B) I would welcome the OP's opinion.

Regards

Frederic

C) Correction: The second and third expression were meant to catch tags spanning lines. There weren't any such tags and so the
expressions were useless--and inoffensive too: the second one, as a matter of fact, could also delete text. The Tag Stripper should
be defined like this:

Tag_Stripper = ('"~<(.|\n)*?>~=" "~<!--(.|\n)*?-->~="')

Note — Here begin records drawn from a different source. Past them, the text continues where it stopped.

(* In the two-tier residency matching game described in the context with any list length $K\ge 1$ and $v\ge e/(e-1)$, under the large market approximation, the social welfare of the symmetric Nash equilibrium is at least half of the OPTIMUM welfare $2(v+r)n$; i.e., the loss of efficiency of equilibrium compared to OPTIMUM is at most a factor of $2$.
   Context: Model: there are $n$ high-tier and $rn$ low-tier doctors ($r>0$), and $n$ high-tier and $rn$ low-tier hospitals, each with one position. Every hospital prefers every high doctor to every low doctor and every doctor prefers every high hospital to every low hospital; within a tier, preferences are independent uniformly random permutations. Each doctor submits a ranked list of exactly $K$ hospitals: a strategy $(k,K-k)$ lists his $k$ most preferred high hospitals followed by his $K-k$ most preferred low hospitals. Hospitals submit full true rankings; doctor-proposing deferred acceptance is run. Values: a doctor gets $v>1$ if matched to a high hospital, $1$ if matched to a low one, $0$ if unmatched; a hospital gets $v$ if matched to a high doctor, $1$ if matched to a low doctor, $0$ if unfilled. Social welfare is the sum of the values of all doctors and hospitals. Large market approximation: $n\to\infty$ with $r,K,v$ fixed, and each application to a hospital is accepted independently with a probability determined by the aggregate strategy profile through fixed-point equations (expected matched doctors = expected hospitals receiving at least one admissible application; a hospital receiving on average $\lambda$ applications gets none with probability $e^{-\lambda}$; low doctors' applications to hospitals already taken by high doctors are rejected). Equilibrium: symmetric Nash equilibrium, all doctors of a tier using the same (possibly mixed) strategy, each maximizing expected value given the acceptance probabilities. OPTIMUM: the welfare $2(v+r)n$ of the matching in which every high doctor is matched to a high hospital and every low doctor to a low hospital (the deferred acceptance outcome with full lists). *)

theory Defs
  imports Complex_Main
begin

text \<open>
Strategy k (0 \<le> k \<le> K) means: list the k most preferred high hospitals,
then the K-k most preferred low hospitals.  A mixed strategy of a tier is a
probability vector x over {0..K}; x k = fraction of doctors of that tier using (k,K-k).
Acceptance probabilities:
  p1: high doctor at high hospital,  p2: high doctor at low hospital,
  p3: low doctor at high hospital,   p4: low doctor at low hospital.
All quantities are normalised by n (n high doctors/hospitals, r n low ones).
\<close>

definition mixed_strategy :: "nat \<Rightarrow> (nat \<Rightarrow> real) \<Rightarrow> bool" where
  "mixed_strategy K x \<longleftrightarrow> (\<forall>k. 0 \<le> x k) \<and> (\<Sum>k\<le>K. x k) = 1"

text \<open>Expected number (per doctor of the tier) of matches / applications in the
first (high) phase and second (low) phase of the list.\<close>

definition first_match :: "nat \<Rightarrow> (nat \<Rightarrow> real) \<Rightarrow> real \<Rightarrow> real" where
  "first_match K x p = (\<Sum>k\<le>K. x k * (1 - (1 - p) ^ k))"

definition first_apps :: "nat \<Rightarrow> (nat \<Rightarrow> real) \<Rightarrow> real \<Rightarrow> real" where
  "first_apps K x p = (\<Sum>k\<le>K. x k * (\<Sum>j<k. (1 - p) ^ j))"

definition second_match :: "nat \<Rightarrow> (nat \<Rightarrow> real) \<Rightarrow> real \<Rightarrow> real \<Rightarrow> real" where
  "second_match K x p q = (\<Sum>k\<le>K. x k * (1 - p) ^ k * (1 - (1 - q) ^ (K - k)))"

definition second_apps :: "nat \<Rightarrow> (nat \<Rightarrow> real) \<Rightarrow> real \<Rightarrow> real \<Rightarrow> real" where
  "second_apps K x p q = (\<Sum>k\<le>K. x k * (1 - p) ^ k * (\<Sum>j<K - k. (1 - q) ^ j))"

text \<open>Average numbers of applications per hospital:
  lam1: high doctors to each high hospital, lam2: high doctors to each low hospital,
  lam3: low doctors to each high hospital,  lam4: low doctors to each low hospital.\<close>

definition lam1 :: "nat \<Rightarrow> (nat \<Rightarrow> real) \<Rightarrow> real \<Rightarrow> real" where
  "lam1 K x p1 = first_apps K x p1"

definition lam2 :: "nat \<Rightarrow> real \<Rightarrow> (nat \<Rightarrow> real) \<Rightarrow> real \<Rightarrow> real \<Rightarrow> real" where
  "lam2 K r x p1 p2 = second_apps K x p1 p2 / r"

definition lam3 :: "nat \<Rightarrow> real \<Rightarrow> (nat \<Rightarrow> real) \<Rightarrow> real \<Rightarrow> real" where
  "lam3 K r y p3 = r * first_apps K y p3"

definition lam4 :: "nat \<Rightarrow> (nat \<Rightarrow> real) \<Rightarrow> real \<Rightarrow> real \<Rightarrow> real" where
  "lam4 K y p3 p4 = second_apps K y p3 p4"

text \<open>Fixed-point equations: expected matched doctors = expected hospitals receiving
at least one admissible application.  When no applications at all reach a class of
hospitals (lam = 0) the equation is vacuous and the acceptance probability is the
limiting value (an application is accepted iff the hospital is admissible).\<close>

definition fixed_point ::
  "nat \<Rightarrow> real \<Rightarrow> (nat \<Rightarrow> real) \<Rightarrow> (nat \<Rightarrow> real) \<Rightarrow> real \<Rightarrow> real \<Rightarrow> real \<Rightarrow> real \<Rightarrow> bool" where
  "fixed_point K r x y p1 p2 p3 p4 \<longleftrightarrow>
     p1 \<in> {0..1} \<and> p2 \<in> {0..1} \<and> p3 \<in> {0..1} \<and> p4 \<in> {0..1} \<and>
     first_match K x p1 = 1 - exp (- lam1 K x p1) \<and>
     (lam1 K x p1 = 0 \<longrightarrow> p1 = 1) \<and>
     second_match K x p1 p2 = r * (1 - exp (- lam2 K r x p1 p2)) \<and>
     (lam2 K r x p1 p2 = 0 \<longrightarrow> p2 = 1) \<and>
     r * first_match K y p3 = exp (- lam1 K x p1) * (1 - exp (- lam3 K r y p3)) \<and>
     (lam3 K r y p3 = 0 \<longrightarrow> p3 = exp (- lam1 K x p1)) \<and>
     second_match K y p3 p4 = exp (- lam2 K r x p1 p2) * (1 - exp (- lam4 K y p3 p4)) \<and>
     (lam4 K y p3 p4 = 0 \<longrightarrow> p4 = exp (- lam2 K r x p1 p2))"

definition doctor_value :: "real \<Rightarrow> nat \<Rightarrow> real \<Rightarrow> real \<Rightarrow> nat \<Rightarrow> real" where
  "doctor_value v K p q k = v * (1 - (1 - p) ^ k) + (1 - p) ^ k * (1 - (1 - q) ^ (K - k))"

definition symmetric_NE ::
  "nat \<Rightarrow> real \<Rightarrow> real \<Rightarrow> (nat \<Rightarrow> real) \<Rightarrow> (nat \<Rightarrow> real) \<Rightarrow> real \<Rightarrow> real \<Rightarrow> real \<Rightarrow> real \<Rightarrow> bool" where
  "symmetric_NE K r v x y p1 p2 p3 p4 \<longleftrightarrow>
     mixed_strategy K x \<and> mixed_strategy K y \<and>
     fixed_point K r x y p1 p2 p3 p4 \<and>
     (\<forall>k\<le>K. 0 < x k \<longrightarrow> (\<forall>k'\<le>K. doctor_value v K p1 p2 k' \<le> doctor_value v K p1 p2 k)) \<and>
     (\<forall>k\<le>K. 0 < y k \<longrightarrow> (\<forall>k'\<le>K. doctor_value v K p3 p4 k' \<le> doctor_value v K p3 p4 k))"

definition welfare ::
  "nat \<Rightarrow> real \<Rightarrow> real \<Rightarrow> (nat \<Rightarrow> real) \<Rightarrow> (nat \<Rightarrow> real) \<Rightarrow> real \<Rightarrow> real \<Rightarrow> real \<Rightarrow> real \<Rightarrow> real" where
  "welfare K r v x y p1 p2 p3 p4 =
     (\<Sum>k\<le>K. x k * doctor_value v K p1 p2 k)
   + r * (\<Sum>k\<le>K. y k * doctor_value v K p3 p4 k)
   + (v * (1 - exp (- lam1 K x p1))
      + exp (- lam1 K x p1) * (1 - exp (- lam3 K r y p3)))
   + r * (v * (1 - exp (- lam2 K r x p1 p2))
      + exp (- lam2 K r x p1 p2) * (1 - exp (- lam4 K y p3 p4)))"

definition optimum :: "real \<Rightarrow> real \<Rightarrow> real" where
  "optimum r v = 2 * (v + r)"

end

theory Submission
  imports Defs
begin

text \<open>
Each tier alone earns at least its share of OPTIMUM.  By the fixed-point equation,
an acceptance probability p with p \<lambda> = c (1 - e^{-\<lambda>}) satisfies p \<ge> c e^{-\<lambda>},
because 1 - e^{-\<lambda>} \<ge> \<lambda> e^{-\<lambda>}.  A high doctor could deviate to (K,0) and get at
least v p1 \<ge> v e^{-\<lambda>1}, while high hospitals get at least v (1 - e^{-\<lambda>1}): together v.
A low doctor could deviate to (0,K) and get at least p4 \<ge> e^{-\<lambda>2} e^{-\<lambda>4}, while low
hospitals are filled with probability 1 - e^{-\<lambda>2} e^{-\<lambda>4}: together 1 per low pair.
Hence welfare \<ge> v + r = OPTIMUM / 2.
\<close>

lemma first_match_eq: "first_match K x p = p * first_apps K x p"
proof -
  have "1 - (1 - p) ^ k = p * (\<Sum>j<k. (1 - p) ^ j)" for k
    using one_diff_power_eq[of "1 - p" k] by simp
  then have "x k * (1 - (1 - p) ^ k) = p * (x k * (\<Sum>j<k. (1 - p) ^ j))" for k
    by (simp only: mult.left_commute)
  then show ?thesis
    unfolding first_match_def first_apps_def sum_distrib_left by simp
qed

lemma second_match_eq: "second_match K x p q = q * second_apps K x p q"
proof -
  have "1 - (1 - q) ^ (K - k) = q * (\<Sum>j<K - k. (1 - q) ^ j)" for k
    using one_diff_power_eq[of "1 - q" "K - k"] by simp
  then have "x k * (1 - p) ^ k * (1 - (1 - q) ^ (K - k))
      = q * (x k * (1 - p) ^ k * (\<Sum>j<K - k. (1 - q) ^ j))" for k
    by (simp only: mult.left_commute)
  then show ?thesis
    unfolding second_match_def second_apps_def sum_distrib_left by simp
qed

lemma first_apps_nonneg:
  assumes "mixed_strategy K x" "p \<in> {0..1}"
  shows "0 \<le> first_apps K x p"
  using assms unfolding first_apps_def mixed_strategy_def
  by (intro sum_nonneg mult_nonneg_nonneg) auto

lemma second_apps_nonneg:
  assumes "mixed_strategy K x" "p \<in> {0..1}" "q \<in> {0..1}"
  shows "0 \<le> second_apps K x p q"
  using assms unfolding second_apps_def mixed_strategy_def
  by (intro sum_nonneg mult_nonneg_nonneg) auto

lemma acceptance_ge_exp:
  fixes p t c :: real
  assumes "0 \<le> t" "0 \<le> c" "p * t = c * (1 - exp (- t))" "t = 0 \<longrightarrow> p = c"
  shows "c * exp (- t) \<le> p"
proof (cases "t = 0")
  case True
  then show ?thesis using assms by simp
next
  case False
  then have "0 < t" using assms(1) by simp
  have "t * exp (- t) \<le> 1 - exp (- t)"
    using exp_ge_add_one_self[of t] by (simp add: exp_minus field_simps)
  then have "c * (t * exp (- t)) \<le> c * (1 - exp (- t))"
    using assms(2) by (rule mult_left_mono)
  then have "t * (c * exp (- t)) \<le> t * p"
    using assms(3) by (simp add: algebra_simps)
  then show ?thesis using \<open>0 < t\<close> by simp
qed

lemma fixed_point_high_acceptance_ge:
  assumes "fixed_point K r x y p1 p2 p3 p4" "mixed_strategy K x"
  shows "exp (- lam1 K x p1) \<le> p1"
proof -
  note fp = assms(1)[unfolded fixed_point_def]
  have "0 \<le> lam1 K x p1"
    unfolding lam1_def using first_apps_nonneg[OF assms(2)] fp by simp
  from acceptance_ge_exp[OF this, of 1 p1] show ?thesis
    using fp first_match_eq[of K x p1] by (simp add: lam1_def)
qed

lemma fixed_point_low_acceptance_ge:
  assumes "fixed_point K r x y p1 p2 p3 p4" "mixed_strategy K y"
  shows "exp (- lam2 K r x p1 p2) * exp (- lam4 K y p3 p4) \<le> p4"
proof -
  note fp = assms(1)[unfolded fixed_point_def]
  have "0 \<le> lam4 K y p3 p4"
    unfolding lam4_def using second_apps_nonneg[OF assms(2)] fp by simp
  from acceptance_ge_exp[OF this, of "exp (- lam2 K r x p1 p2)" p4] show ?thesis
    using fp second_match_eq[of K y p3 p4] by (simp add: lam4_def)
qed

lemma mixed_strategy_best_response_ge:
  assumes "mixed_strategy K x"
    and "\<forall>k\<le>K. 0 < x k \<longrightarrow> (\<forall>k'\<le>K. f k' \<le> f k)"
    and "k0 \<le> K"
  shows "f k0 \<le> (\<Sum>k\<le>K. x k * f k)"
proof -
  have "x k * f k0 \<le> x k * f k" if "k \<le> K" for k
    using assms that unfolding mixed_strategy_def
    by (cases "x k = 0") (auto simp: less_le intro: mult_left_mono)
  then have "(\<Sum>k\<le>K. x k * f k0) \<le> (\<Sum>k\<le>K. x k * f k)"
    by (intro sum_mono) simp
  moreover have "(\<Sum>k\<le>K. x k * f k0) = f k0"
    using assms(1) unfolding mixed_strategy_def by (simp add: sum_distrib_right[symmetric])
  ultimately show ?thesis by simp
qed

lemma one_minus_power_ge:
  fixes p :: real
  assumes "1 \<le> K" "p \<in> {0..1}"
  shows "p \<le> 1 - (1 - p) ^ K"
  using power_decreasing[of 1 K "1 - p"] assms by simp

lemma doctor_value_all_high_ge:
  assumes "1 \<le> K" "0 \<le> v" "p \<in> {0..1}"
  shows "v * p \<le> doctor_value v K p q K"
  unfolding doctor_value_def
  using mult_left_mono[OF one_minus_power_ge[OF assms(1,3)] assms(2)] by simp

lemma doctor_value_all_low_ge:
  assumes "1 \<le> K" "q \<in> {0..1}"
  shows "q \<le> doctor_value v K p q 0"
  unfolding doctor_value_def using one_minus_power_ge[OF assms] by simp

text \<open>Here d is a tier's doctor welfare and v (1 - a) + a (1 - b) that of its hospitals,
  where a and b are the probabilities of receiving no high (resp. no low) application.\<close>

lemma high_tier_welfare_ge:
  fixes v a b d :: real
  assumes "0 \<le> v" "v * a \<le> d" "0 \<le> a" "b \<le> 1"
  shows "v \<le> d + (v * (1 - a) + a * (1 - b))"
  using assms mult_nonneg_nonneg[of a "1 - b"] by (simp add: algebra_simps)

lemma low_tier_welfare_ge:
  fixes v a b d :: real
  assumes "1 \<le> v" "a * b \<le> d" "a \<le> 1"
  shows "1 \<le> d + (v * (1 - a) + a * (1 - b))"
  using assms mult_right_mono[of 1 v "1 - a"] by (simp add: algebra_simps)

lemma symmetric_NE_high_doctors_ge:
  assumes "symmetric_NE K r v x y p1 p2 p3 p4" "1 \<le> K" "0 \<le> v"
  shows "v * exp (- lam1 K x p1) \<le> (\<Sum>k\<le>K. x k * doctor_value v K p1 p2 k)"
proof -
  note ne = assms(1)[unfolded symmetric_NE_def]
  have "v * exp (- lam1 K x p1) \<le> v * p1"
    using fixed_point_high_acceptance_ge ne assms(3) mult_left_mono by blast
  also have "\<dots> \<le> doctor_value v K p1 p2 K"
    using doctor_value_all_high_ge[OF assms(2,3)] ne unfolding fixed_point_def by blast
  also have "\<dots> \<le> (\<Sum>k\<le>K. x k * doctor_value v K p1 p2 k)"
    using mixed_strategy_best_response_ge ne by blast
  finally show ?thesis .
qed

lemma symmetric_NE_low_doctors_ge:
  assumes "symmetric_NE K r v x y p1 p2 p3 p4" "1 \<le> K"
  shows "exp (- lam2 K r x p1 p2) * exp (- lam4 K y p3 p4)
    \<le> (\<Sum>k\<le>K. y k * doctor_value v K p3 p4 k)"
proof -
  note ne = assms(1)[unfolded symmetric_NE_def]
  have "exp (- lam2 K r x p1 p2) * exp (- lam4 K y p3 p4) \<le> p4"
    using fixed_point_low_acceptance_ge ne by blast
  also have "\<dots> \<le> doctor_value v K p3 p4 0"
    using doctor_value_all_low_ge[OF assms(2)] ne unfolding fixed_point_def by blast
  also have "\<dots> \<le> (\<Sum>k\<le>K. y k * doctor_value v K p3 p4 k)"
    using mixed_strategy_best_response_ge ne by blast
  finally show ?thesis .
qed

theorem theorem2:
  fixes K :: nat and r v p1 p2 p3 p4 :: real and x y :: "nat \<Rightarrow> real"
  assumes "K \<ge> 1" and "r > 0" and "v > 1" and "v \<ge> exp 1 / (exp 1 - 1)"
    and "symmetric_NE K r v x y p1 p2 p3 p4"
  shows "welfare K r v x y p1 p2 p3 p4 \<ge> optimum r v / 2"
proof -
  have "0 \<le> lam2 K r x p1 p2" "0 \<le> lam3 K r y p3"
    using assms(2,5) second_apps_nonneg first_apps_nonneg
    unfolding symmetric_NE_def fixed_point_def lam2_def lam3_def by auto
  then have exps_le_1: "exp (- lam2 K r x p1 p2) \<le> 1" "exp (- lam3 K r y p3) \<le> 1" by auto
  have high_tier: "v \<le> (\<Sum>k\<le>K. x k * doctor_value v K p1 p2 k)
      + (v * (1 - exp (- lam1 K x p1)) + exp (- lam1 K x p1) * (1 - exp (- lam3 K r y p3)))"
    using high_tier_welfare_ge[OF _ symmetric_NE_high_doctors_ge[OF assms(5,1)] _ exps_le_1(2)]
      assms(3) by simp
  have low_tier: "r \<le> r * ((\<Sum>k\<le>K. y k * doctor_value v K p3 p4 k)
      + (v * (1 - exp (- lam2 K r x p1 p2))
         + exp (- lam2 K r x p1 p2) * (1 - exp (- lam4 K y p3 p4))))"
    using low_tier_welfare_ge[OF _ symmetric_NE_low_doctors_ge[OF assms(5,1)] exps_le_1(1)]
      assms(2,3) by simp
  show ?thesis
    unfolding welfare_def optimum_def using high_tier low_tier by (simp add: distrib_left)
qed

end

It now deletes tags even if they span lines and it incorporates a second definition that deletes comments which, as you made me
aware, may contain tags. I now have to run the whole file through this before I look at the lines.

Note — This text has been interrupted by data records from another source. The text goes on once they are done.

lemma eisinf_half_shift:
  assumes \<tau>: "0 < Im \<tau>" and p: "prime p" "2 < p" and k: "1 \<le> k"
  shows "eisinf p k (\<tau> + 1/2) = - eisinf p k \<tau> + (of_real (chi p 2) * 2 ^ k + 2) * eisinf p k (2 * \<tau>)
           - of_real (chi p 2) * 2 ^ k * eisinf p k (4 * \<tau>)"
proof -
  define L where "L = lambert_series (\<lambda>n. of_real (chi p (int n))) (\<lambda>x. x / (1 - x)) (k - 1)"
  obtain m where m: "k = Suc m"
    using k by (cases k) simp_all
  moreover have "L (- qq \<tau>) = - L (qq \<tau>) + (2 * (of_real (chi p 2) * 2 ^ (k - 1)) + 2) * L (qq \<tau> ^ 2)
      - 2 * (of_real (chi p 2) * 2 ^ (k - 1)) * L (qq \<tau> ^ 4)"
  proof -
    have a_bound: "norm (of_real (chi p (int n)) :: complex) \<le> 1" for n
      using abs_chi_le_1[of p "int n"] by simp
    have a_mult: "of_real (chi p (int (2 * n))) = (of_real (chi p (int 2)) * of_real (chi p (int n)) :: complex)" for n
      using chi_mult[OF p, of 2 "int n"] by simp
    have Y_bound: "norm (x / (1 - x)) \<le> 1 / (1 - norm (qq \<tau>)) * norm x" if "norm x \<le> norm (qq \<tau>)" for x :: complex
      using that norm_qq_less_1[OF \<tau>] by (rule norm_geometric_quotient_le)
    from lambert_series_neg[where a = "\<lambda>n. of_real (chi p (int n))",
        OF norm_qq_less_1[OF \<tau>] a_bound a_mult Y_bound geometric_quotient_neg]
    show ?thesis
      unfolding L_def by simp
  qed
  ultimately have L_neg: "L (- qq \<tau>) = - L (qq \<tau>) + (of_real (chi p 2) * 2 ^ k + 2) * L (qq \<tau> ^ 2)
      - of_real (chi p 2) * 2 ^ k * L (qq \<tau> ^ 4)"
    by (simp add: algebra_simps)
  have "eisinf p k \<sigma> = 1 - 2 * of_nat k / of_real (bern_chi k p) * L (qq \<sigma>)" for \<sigma>
    by (simp add: eisinf_def L_def lambert_series_def lambert_term_def)
  then show ?thesis
    by (simp only:) (rule affine_lambert_half_shift[OF L_neg], simp)
qed

lemma sum_chi_power_eq_lessThan:
  "(\<Sum>l=1..p-1. of_real (chi p (int l)) * z ^ l) = (\<Sum>l<p. of_real (chi p (int l)) * (z::complex) ^ l)"
  by (rule sum.mono_neutral_left) (auto simp: not_le)

lemma eis0_half_shift:
  assumes \<tau>: "0 < Im \<tau>" and p: "prime p" "2 < p" and k: "1 \<le> k"
  shows "eis0 p k (\<tau> + 1/2) = - eis0 p k \<tau> + (2 ^ k + 2 * of_real (chi p 2)) * eis0 p k (2 * \<tau>)
           - of_real (chi p 2) * 2 ^ k * eis0 p k (4 * \<tau>)"
proof -
  define L where "L = lambert_series (\<lambda>_. 1) (chi_generating_function p) (k - 1)"
  obtain m where m: "k = Suc m"
    using k by (cases k) simp_all
  moreover have "L (- qq \<tau>) = - L (qq \<tau>) + (2 * (1 * 2 ^ (k - 1)) + 2 * of_real (chi p 2)) * L (qq \<tau> ^ 2)
      - 2 * of_real (chi p 2) * (1 * 2 ^ (k - 1)) * L (qq \<tau> ^ 4)"
  proof -
    have "norm (chi_generating_function p x) \<le> real p / (1 - norm (qq \<tau>)) * norm x"
      if "norm x \<le> norm (qq \<tau>)" for x
      using that norm_qq_less_1[OF \<tau>] p(2) by (intro norm_chi_generating_function_le) simp_all
    from lambert_series_neg[OF norm_qq_less_1[OF \<tau>] _ _ this chi_generating_function_neg[OF p], where A = 1]
    show ?thesis
      unfolding L_def by simp
  qed
  ultimately have L_neg: "L (- qq \<tau>) = - L (qq \<tau>) + (2 ^ k + 2 * of_real (chi p 2)) * L (qq \<tau> ^ 2)
      - of_real (chi p 2) * 2 ^ k * L (qq \<tau> ^ 4)"
    by (simp add: algebra_simps)
  have "of_nat (Suc j) ^ (k - 1) / (1 - qq \<sigma> ^ (p * Suc j))
        * (\<Sum>l=1..p-1. of_real (chi p (int l)) * qq \<sigma> ^ (Suc j * l))
      = lambert_term (\<lambda>_. 1) (chi_generating_function p) (k - 1) (qq \<sigma>) (Suc j)" for \<sigma> j
    unfolding lambert_term_def chi_generating_function_def mult.commute[of p] power_mult
      sum_chi_power_eq_lessThan by simp
  then have "eis0 p k \<sigma> = (if k = 1 then 1 else 0) - 2 * of_nat k / of_real (bern_chi k p) * L (qq \<sigma>)" for \<sigma>
    unfolding eis0_def L_def lambert_series_def by simp
  then show ?thesis
    by (simp only:) (rule affine_lambert_half_shift[OF L_neg], simp)
qed

theorem lemma3p2:
  fixes \<tau> :: complex
  assumes "Im \<tau> > 0"
  shows "(\<forall>k::nat. k \<ge> 1 \<longrightarrow>
            eis (2*k) (\<tau> + 1/2) = - eis (2*k) \<tau> + (2 ^ (2*k) + 2) * eis (2*k) (2*\<tau>)
                                   - 2 ^ (2*k) * eis (2*k) (4*\<tau>))
       \<and> (\<forall>p\<in>{3, 11::nat}. \<forall>k::nat.
            eis0 p (2*k+1) (\<tau> + 1/2) = - eis0 p (2*k+1) \<tau>
               + (2 ^ (2*k+1) - 2) * eis0 p (2*k+1) (2*\<tau>) + 2 ^ (2*k+1) * eis0 p (2*k+1) (4*\<tau>)
          \<and> eisinf p (2*k+1) (\<tau> + 1/2) = - eisinf p (2*k+1) \<tau>
               + (2 - 2 ^ (2*k+1)) * eisinf p (2*k+1) (2*\<tau>) + 2 ^ (2*k+1) * eisinf p (2*k+1) (4*\<tau>))
       \<and> (\<forall>p\<in>{7, 23::nat}. \<forall>k::nat.
            eis0 p (2*k+1) (\<tau> + 1/2) = - eis0 p (2*k+1) \<tau>
               + (2 ^ (2*k+1) + 2) * eis0 p (2*k+1) (2*\<tau>) - 2 ^ (2*k+1) * eis0 p (2*k+1) (4*\<tau>)
          \<and> eisinf p (2*k+1) (\<tau> + 1/2) = - eisinf p (2*k+1) \<tau>
               + (2 ^ (2*k+1) + 2) * eisinf p (2*k+1) (2*\<tau>) - 2 ^ (2*k+1) * eisinf p (2*k+1) (4*\<tau>))"
proof (intro conjI ballI allI impI)
  fix k :: nat
  assume "1 \<le> k"
  then show "eis (2*k) (\<tau> + 1/2) = - eis (2*k) \<tau> + (2 ^ (2*k) + 2) * eis (2*k) (2*\<tau>)
      - 2 ^ (2*k) * eis (2*k) (4*\<tau>)"
    by (intro eis_half_shift[OF assms]) simp
next
  fix p k :: nat
  assume "p \<in> {3, 11}"
  then have p: "prime p" "2 < p" and "chi p 2 = -1"
    using chi_two by auto
  then show "eis0 p (2*k+1) (\<tau> + 1/2) = - eis0 p (2*k+1) \<tau>
      + (2 ^ (2*k+1) - 2) * eis0 p (2*k+1) (2*\<tau>) + 2 ^ (2*k+1) * eis0 p (2*k+1) (4*\<tau>)"
    and "eisinf p (2*k+1) (\<tau> + 1/2) = - eisinf p (2*k+1) \<tau>
      + (2 - 2 ^ (2*k+1)) * eisinf p (2*k+1) (2*\<tau>) + 2 ^ (2*k+1) * eisinf p (2*k+1) (4*\<tau>)"
    using eis0_half_shift[OF assms p, of "2*k+1"] eisinf_half_shift[OF assms p, of "2*k+1"]
    by (simp_all add: algebra_simps)
next
  fix p k :: nat
  assume "p \<in> {7, 23}"
  then have p: "prime p" "2 < p" and "chi p 2 = 1"
    using chi_two by auto
  then show "eis0 p (2*k+1) (\<tau> + 1/2) = - eis0 p (2*k+1) \<tau>
      + (2 ^ (2*k+1) + 2) * eis0 p (2*k+1) (2*\<tau>) - 2 ^ (2*k+1) * eis0 p (2*k+1) (4*\<tau>)"
    and "eisinf p (2*k+1) (\<tau> + 1/2) = - eisinf p (2*k+1) \<tau>
      + (2 ^ (2*k+1) + 2) * eisinf p (2*k+1) (2*\<tau>) - 2 ^ (2*k+1) * eisinf p (2*k+1) (4*\<tau>)"
    using eis0_half_shift[OF assms p, of "2*k+1"] eisinf_half_shift[OF assms p, of "2*k+1"]
    by (simp_all add: algebra_simps)
qed

end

def get_statistics (name_of_player):

   statistics = {
     'Actual Pitching Statistics'   : [],
     'Advanced Pitching Statistics' : [],
   }

   url = 'http://www.baseballprospectus.com/dt/%s.shtml' % name_of_player
   htm_page = urllib.urlopen (url)
   lines = StringIO.StringIO (Tag_Stripper (htm_page.read ()))
   htm_page.close ()
   current_list = None
   for line in lines:
      line = line.strip ()
      if line == '':
         continue
      if 'Statistics' in line:  # That's the section headings.
         if statistics.has_key (line):
            current_list = statistics [line]
            current_list.append (line)
         else:
            current_list = None
      else:
         if current_list != None:
            current_list.append (CSV_Maker (line))

   return statistics

show_statistics (statistics) displays this tab-delimited CSV:

Advanced Pitching Statistics
AGE YEAR TEAM XIP RA DH DR DW NRA RAA PRAA PRAR DERA NRA RAA PRAA PRAR DERA STF
19 1914 BOS-A 25.3 4.70 -2 3 1 5.75 -4 -5 -2 6.15 6.19 -5 -5 -2 6.36 -25
20 1915 BOS-A 225.3 3.31 -12 3 2 4.01 12 4 45 4.33 4.25 6 1 42 4.44 12
21 1916 BOS-A 318.2 2.31 -32 -8 0 3.19 46 41 101 3.35 3.30 43 39 99 3.41 24
22 1917 BOS-A 336.5 2.56 -20 -7 1 3.49 38 23 83 3.88 3.72 29 20 80 3.96 13
23 1918 BOS-A 171.6 2.76 -16 5 0 3.80 13 6 34 4.20 4.16 6 3 31 4.36 3
24 1919 BOS-A 129.4 3.98 4 -16 2 4.63 -2 -2 19 4.61 4.79 -4 -3 17 4.70 -6
25 1920 NY_-A 6.4 9.00 -1 3 1 8.64 -3 -3 -3 8.96 8.95 -3 -3 -3 9.14 -35
26 1921 NY_-A 13.2 10.00 2 0 1 9.16 -7 -7 -5 9.36 9.61 -8 -8 -5 9.65 -41
35 1930 NY_-A 8.8 3.00 1 -2 0 2.84 2 2 4 2.57 3.07 1 2 3 2.66 13
38 1933 NY_-A 8.8 5.00 1 -1 0 5.01 -1 0 0 4.59 5.27 -1 0 0 4.73 -22
1243.5 2.95 -76 -22 8 3.78 96 59 275 4.07 3.95 65 45 262 4.17 10

Actual Pitching Statistics
AGE YEAR TEAM W L SV ERA G GS TBF IP H R ER HR BB SO HBP IBB WP BK CG SHO
19 1914 BOS-A 2 1 0 3.91 4 3 96 23.0 21 12 10 1 7 3 0 0 0 0 1 0
20 1915 BOS-A 18 8 0 2.44 32 28 874 217.7 166 80 59 3 85 112 6 0 9 1 16 1
21 1916 BOS-A 23 12 1 1.75 44 41 1272 323.7 230 83 63 0 118 170 8 0 3 1 23 9
22 1917 BOS-A 24 13 2 2.01 41 38 1277 326.3 244 93 73 2 108 128 11 0 5 0 35 6
23 1918 BOS-A 13 7 0 2.22 20 19 660 166.3 125 51 41 1 49 40 2 0 3 1 18 1
24 1919 BOS-A 9 5 1 2.97 17 15 570 133.3 148 59 44 2 58 30 2 0 5 1 12 0
25 1920 NY_-A 1 0 0 4.50 1 1 17 4.0 3 4 2 0 2 0 0 0 0 0 0 0
26 1921 NY_-A 2 0 0 9.00 2 1 49 9.0 14 10 9 1 9 2 0 0 0 0 0 0
35 1930 NY_-A 1 0 0 3.00 1 1 39 9.0 11 3 3 0 2 3 0 0 0 0 1 0
38 1933 NY_-A 1 0 0 5.00 1 1 42 9.0 12 5 5 0 3 0 0 0 0 0 1 0
94 46 4 2.28 163 148 4896 1221.3 974 400 309 10 441 488 29 0 25 4 107 17

(The last line remains to be shifted three columns to the right.)